Ohio courts have consistently held that the provisions of the speedy trial statutes must be strictly construed against the state. Brecksville v. Cook (1996), 75 Ohio St. 3d 53, 55. Once a defendant presents a prima facie case of a speedy trial violation, the burden shifts to the state to show that some exception(s) applied to toll the time and to make the trial timely.State v. Price (1997), 122 Ohio App. 3d 65, 68. If the state is unable to meet its burden, and the trial is held past the time limit (even by a "minuscule amount") the defendant must be discharged. R.C. 2945.73 See, also, State v. Coatoam (1975),45 Ohio App. 2d 183, 185-186.

Appellant and appellee agree (as did the trial court) that appellant was served with the summons in this case on December 4, 1998. Since R.C. 2945.71(A) clearly indicates that the time for a speedy trial begins to run from the date of the service of summons, we agree with appellant that the starting date for the running of time in this case is December 4, 1998.

Appellee has argued that once appellant asked for a pretrial, time was tolled. This court has previously said: "where the record demonstrates that the pretrial was granted upon the defendant's own request and there is nothing facially unreasonable about the amount of time taken to permit the pretrial and subsequent trial, this time is tolled pursuant to R.C.2945.72(E)." State v. Wirtanen (1996), 110 Ohio App. 3d 604,608-609. Applying that reasoning in this case, we therefore agree that time was tolled from the date appellant requested a pretrial, December 8, 1998, to the date the pretrial was held, December 15, 1998. After the pretrial was held, however, time again began to run.

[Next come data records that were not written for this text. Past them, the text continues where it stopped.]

(* Let $G$ be a Hamiltonian graph which is not a complete graph of odd order. Then $G$ has an IPD.
   Context: All graphs are finite and simple. A graph of order $n$ is Hamiltonian if it contains a cycle of order $n$ (through all vertices). The order of a path is its number of vertices. A path $P$ in $G$ is induced if the subgraph of $G$ induced on $V(P)$ is exactly $P$. A graph $G$ has an IPD (induced path decomposition) if $V(G)$ can be partitioned into sets $V_1,\dots,V_t$ such that each $G[V_i]$ is a path of order at least $2$. *)

theory Defs
  imports Main
begin

definition simple_graph :: "'a set \<Rightarrow> ('a \<Rightarrow> 'a \<Rightarrow> bool) \<Rightarrow> bool" where
  "simple_graph V E \<longleftrightarrow> finite V \<and> (\<forall>x y. E x y \<longrightarrow> x \<in> V \<and> y \<in> V)
     \<and> (\<forall>x y. E x y \<longrightarrow> E y x) \<and> (\<forall>x. \<not> E x x)"

definition complete_graph :: "'a set \<Rightarrow> ('a \<Rightarrow> 'a \<Rightarrow> bool) \<Rightarrow> bool" where
  "complete_graph V E \<longleftrightarrow> (\<forall>x\<in>V. \<forall>y\<in>V. x \<noteq> y \<longrightarrow> E x y)"

definition hamiltonian :: "'a set \<Rightarrow> ('a \<Rightarrow> 'a \<Rightarrow> bool) \<Rightarrow> bool" where
  "hamiltonian V E \<longleftrightarrow> (\<exists>vs. distinct vs \<and> set vs = V \<and> length vs \<ge> 3
     \<and> (\<forall>i. Suc i < length vs \<longrightarrow> E (vs ! i) (vs ! Suc i))
     \<and> E (last vs) (hd vs))"

definition induced_path :: "('a \<Rightarrow> 'a \<Rightarrow> bool) \<Rightarrow> 'a set \<Rightarrow> bool" where
  "induced_path E S \<longleftrightarrow> (\<exists>ps. distinct ps \<and> set ps = S \<and>
     (\<forall>i<length ps. \<forall>j<length ps. E (ps ! i) (ps ! j) \<longleftrightarrow> (i = Suc j \<or> j = Suc i)))"

definition has_IPD :: "'a set \<Rightarrow> ('a \<Rightarrow> 'a \<Rightarrow> bool) \<Rightarrow> bool" where
  "has_IPD V E \<longleftrightarrow> (\<exists>P. \<Union>P = V \<and> (\<forall>A\<in>P. \<forall>B\<in>P. A \<noteq> B \<longrightarrow> A \<inter> B = {})
     \<and> (\<forall>A\<in>P. card A \<ge> 2 \<and> induced_path E A))"

end

theory Submission imports Defs begin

Accordingly, from the date appellant was served with a summons until the date the pretrial was held, four days of the thirty-day time limit for the speedy trial were chargeable against the state. The trial court scheduled the trial for January 14, 1999. From December 15, 1998 to January 14, 1999 is thirty days which are all chargeable against the state. When those thirty days are added to the four days we have already noted are chargeable against the state, a total of thirty-four days is reached. Accordingly, appellant is correct that the original trial date of January 14, 1999 was four days past the statutorily set deadline for a speedy trial. Therefore, even if we find that the remaining time between the original trial date of January 14, 1999 and the rescheduled trial date of January 21, 1999 was tolled because the rescheduling was unavoidable when the court closed for bad weather on the initial trial date, we must still conclude that the trial was held four days past the thirty day deadline.1 Accordingly, we find appellant's first assignment of error well-taken.

Our disposition of the first assignment of error renders appellant's second and third assignments of error moot. The judgment of the Sandusky Municipal Court is reversed. Pursuant to App.R. 12 (B) and R.C. 2945.73(B), this court orders that the charge filed against appellant for a violation of Sandusky Ordinance 371.05(A) be dismissed and that appellant is discharged. Appellee is ordered to pay the court costs of this appeal.

JUDGMENT REVERSED.

A certified copy of this entry shall constitute the mandate pursuant to App.R. 27. See, also, 6th Dist.Loc.App.R. 4, amended 1/1/98.

_______________________________ PETER M. HANDWORK, J.

MELVIN L. RESNICK, J., JAMES R. SHERCK, J., CONCUR.

1 A chart of the time computed is as follows:

December 4, 1998 — Time begins to run on date of service of summons

December 8, 1998 — Time stops running when appellant asks for a pretrial (Four days of the thirty day time limit for a speedy trial have passed).

December 15, 1998 — Time again begins to run after the pretrial is held

January 14, 1999 — Thirty more days have passed between December 15, 1998 and this date. Added to the four days that passed between December 4, 1998 and December 8, 1998 that are chargeable to the state, the total time chargeable to the state becomes thirty-four days

December 21, 1999 — Even if time was tolled from cancellation of January 14, 1999 trial date due to bad weather, the total time chargeable to the state remains thirty-four days.